Action item. Provide an exact copy of the lines from the beginning of the records through the line that includes "n l d) = dot", and of no others.

Material provided.
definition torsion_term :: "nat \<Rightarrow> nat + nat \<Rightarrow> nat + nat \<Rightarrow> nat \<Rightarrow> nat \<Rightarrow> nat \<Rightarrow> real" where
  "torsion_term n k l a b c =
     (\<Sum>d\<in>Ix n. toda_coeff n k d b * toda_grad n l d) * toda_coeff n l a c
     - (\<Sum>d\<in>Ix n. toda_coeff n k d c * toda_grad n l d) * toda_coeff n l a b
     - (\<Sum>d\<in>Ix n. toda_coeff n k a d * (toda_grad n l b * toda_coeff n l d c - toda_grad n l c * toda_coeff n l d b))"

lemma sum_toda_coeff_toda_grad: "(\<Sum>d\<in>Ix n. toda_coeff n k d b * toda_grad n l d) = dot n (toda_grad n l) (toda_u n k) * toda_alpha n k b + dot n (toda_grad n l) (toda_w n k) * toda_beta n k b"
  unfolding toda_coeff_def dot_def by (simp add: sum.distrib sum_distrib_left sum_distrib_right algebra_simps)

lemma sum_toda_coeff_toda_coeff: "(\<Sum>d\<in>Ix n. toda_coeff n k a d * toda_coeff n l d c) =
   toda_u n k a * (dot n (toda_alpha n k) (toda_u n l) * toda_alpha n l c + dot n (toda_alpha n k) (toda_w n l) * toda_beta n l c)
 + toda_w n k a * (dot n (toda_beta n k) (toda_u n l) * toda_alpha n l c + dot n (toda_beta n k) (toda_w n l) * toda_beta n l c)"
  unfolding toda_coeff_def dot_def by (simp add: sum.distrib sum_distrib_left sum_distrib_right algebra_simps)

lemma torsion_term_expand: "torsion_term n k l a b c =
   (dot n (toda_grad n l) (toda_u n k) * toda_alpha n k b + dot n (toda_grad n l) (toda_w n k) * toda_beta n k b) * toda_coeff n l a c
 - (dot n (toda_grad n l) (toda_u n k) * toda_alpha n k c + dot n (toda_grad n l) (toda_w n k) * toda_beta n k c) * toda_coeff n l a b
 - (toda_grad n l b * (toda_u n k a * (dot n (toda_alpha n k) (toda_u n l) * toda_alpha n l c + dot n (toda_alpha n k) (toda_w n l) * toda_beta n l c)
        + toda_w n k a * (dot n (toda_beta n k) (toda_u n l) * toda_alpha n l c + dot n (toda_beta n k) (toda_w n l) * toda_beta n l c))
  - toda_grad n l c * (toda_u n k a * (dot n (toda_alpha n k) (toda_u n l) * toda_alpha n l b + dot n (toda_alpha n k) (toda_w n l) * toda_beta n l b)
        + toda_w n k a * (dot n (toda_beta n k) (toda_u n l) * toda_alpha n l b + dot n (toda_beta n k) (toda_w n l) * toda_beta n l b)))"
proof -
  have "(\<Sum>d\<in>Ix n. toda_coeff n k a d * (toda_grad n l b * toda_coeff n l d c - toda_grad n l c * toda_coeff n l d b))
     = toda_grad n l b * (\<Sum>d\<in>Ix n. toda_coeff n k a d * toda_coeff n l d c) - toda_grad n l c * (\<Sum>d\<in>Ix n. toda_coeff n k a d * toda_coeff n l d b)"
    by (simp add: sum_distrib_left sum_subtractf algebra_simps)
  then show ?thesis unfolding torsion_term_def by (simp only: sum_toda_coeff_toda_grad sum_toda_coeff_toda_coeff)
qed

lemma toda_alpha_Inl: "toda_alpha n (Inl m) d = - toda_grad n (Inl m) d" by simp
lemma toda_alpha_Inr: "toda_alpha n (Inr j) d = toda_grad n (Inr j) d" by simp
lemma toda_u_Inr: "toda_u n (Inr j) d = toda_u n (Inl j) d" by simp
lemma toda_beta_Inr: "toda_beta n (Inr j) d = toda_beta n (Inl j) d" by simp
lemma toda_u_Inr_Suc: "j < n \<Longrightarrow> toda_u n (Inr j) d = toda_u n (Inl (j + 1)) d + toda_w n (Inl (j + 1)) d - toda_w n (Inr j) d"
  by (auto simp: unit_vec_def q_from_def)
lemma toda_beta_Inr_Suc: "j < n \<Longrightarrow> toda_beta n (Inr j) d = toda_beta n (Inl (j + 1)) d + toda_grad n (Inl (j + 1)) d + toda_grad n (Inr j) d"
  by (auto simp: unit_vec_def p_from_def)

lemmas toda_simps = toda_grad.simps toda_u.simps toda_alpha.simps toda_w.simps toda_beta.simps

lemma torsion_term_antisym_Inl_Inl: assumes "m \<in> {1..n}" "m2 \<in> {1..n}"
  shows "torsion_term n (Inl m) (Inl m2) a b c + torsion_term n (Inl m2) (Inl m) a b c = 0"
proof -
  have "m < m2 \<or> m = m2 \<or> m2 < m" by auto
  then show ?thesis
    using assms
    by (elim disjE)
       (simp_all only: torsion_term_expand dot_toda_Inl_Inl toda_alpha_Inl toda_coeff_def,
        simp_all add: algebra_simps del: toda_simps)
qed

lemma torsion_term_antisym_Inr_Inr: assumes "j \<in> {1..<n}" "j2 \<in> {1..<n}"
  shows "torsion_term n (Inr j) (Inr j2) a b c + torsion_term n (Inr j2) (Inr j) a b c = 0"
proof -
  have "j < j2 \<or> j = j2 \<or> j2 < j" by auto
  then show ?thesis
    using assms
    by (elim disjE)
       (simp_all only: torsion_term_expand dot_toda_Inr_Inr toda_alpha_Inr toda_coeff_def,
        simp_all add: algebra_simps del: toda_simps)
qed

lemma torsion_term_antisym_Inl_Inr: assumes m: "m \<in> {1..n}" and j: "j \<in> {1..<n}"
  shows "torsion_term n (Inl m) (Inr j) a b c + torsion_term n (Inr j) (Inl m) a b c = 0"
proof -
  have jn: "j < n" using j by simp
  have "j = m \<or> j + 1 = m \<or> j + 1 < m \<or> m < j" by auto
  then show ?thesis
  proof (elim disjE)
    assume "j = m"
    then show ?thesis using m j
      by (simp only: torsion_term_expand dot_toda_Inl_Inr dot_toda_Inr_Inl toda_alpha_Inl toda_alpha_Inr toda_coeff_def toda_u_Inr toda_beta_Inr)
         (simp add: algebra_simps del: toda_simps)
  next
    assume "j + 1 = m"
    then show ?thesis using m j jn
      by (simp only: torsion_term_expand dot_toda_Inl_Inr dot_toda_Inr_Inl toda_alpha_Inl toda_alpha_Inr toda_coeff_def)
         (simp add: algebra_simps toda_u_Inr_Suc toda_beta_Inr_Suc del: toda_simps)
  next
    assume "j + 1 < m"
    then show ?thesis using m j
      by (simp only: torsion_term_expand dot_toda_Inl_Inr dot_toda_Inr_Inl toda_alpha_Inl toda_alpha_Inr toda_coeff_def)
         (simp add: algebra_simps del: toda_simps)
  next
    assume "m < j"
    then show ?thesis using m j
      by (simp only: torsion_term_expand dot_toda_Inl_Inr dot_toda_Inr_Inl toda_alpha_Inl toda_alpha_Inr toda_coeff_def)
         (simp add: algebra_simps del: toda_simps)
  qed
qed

Response.
definition torsion_term :: "nat \<Rightarrow> nat + nat \<Rightarrow> nat + nat \<Rightarrow> nat \<Rightarrow> nat \<Rightarrow> nat \<Rightarrow> real" where
  "torsion_term n k l a b c =
     (\<Sum>d\<in>Ix n. toda_coeff n k d b * toda_grad n l d) * toda_coeff n l a c
     - (\<Sum>d\<in>Ix n. toda_coeff n k d c * toda_grad n l d) * toda_coeff n l a b
     - (\<Sum>d\<in>Ix n. toda_coeff n k a d * (toda_grad n l b * toda_coeff n l d c - toda_grad n l c * toda_coeff n l d b))"

lemma sum_toda_coeff_toda_grad: "(\<Sum>d\<in>Ix n. toda_coeff n k d b * toda_grad n l d) = dot n (toda_grad n l) (toda_u n k) * toda_alpha n k b + dot n (toda_grad n l) (toda_w n k) * toda_beta n k b"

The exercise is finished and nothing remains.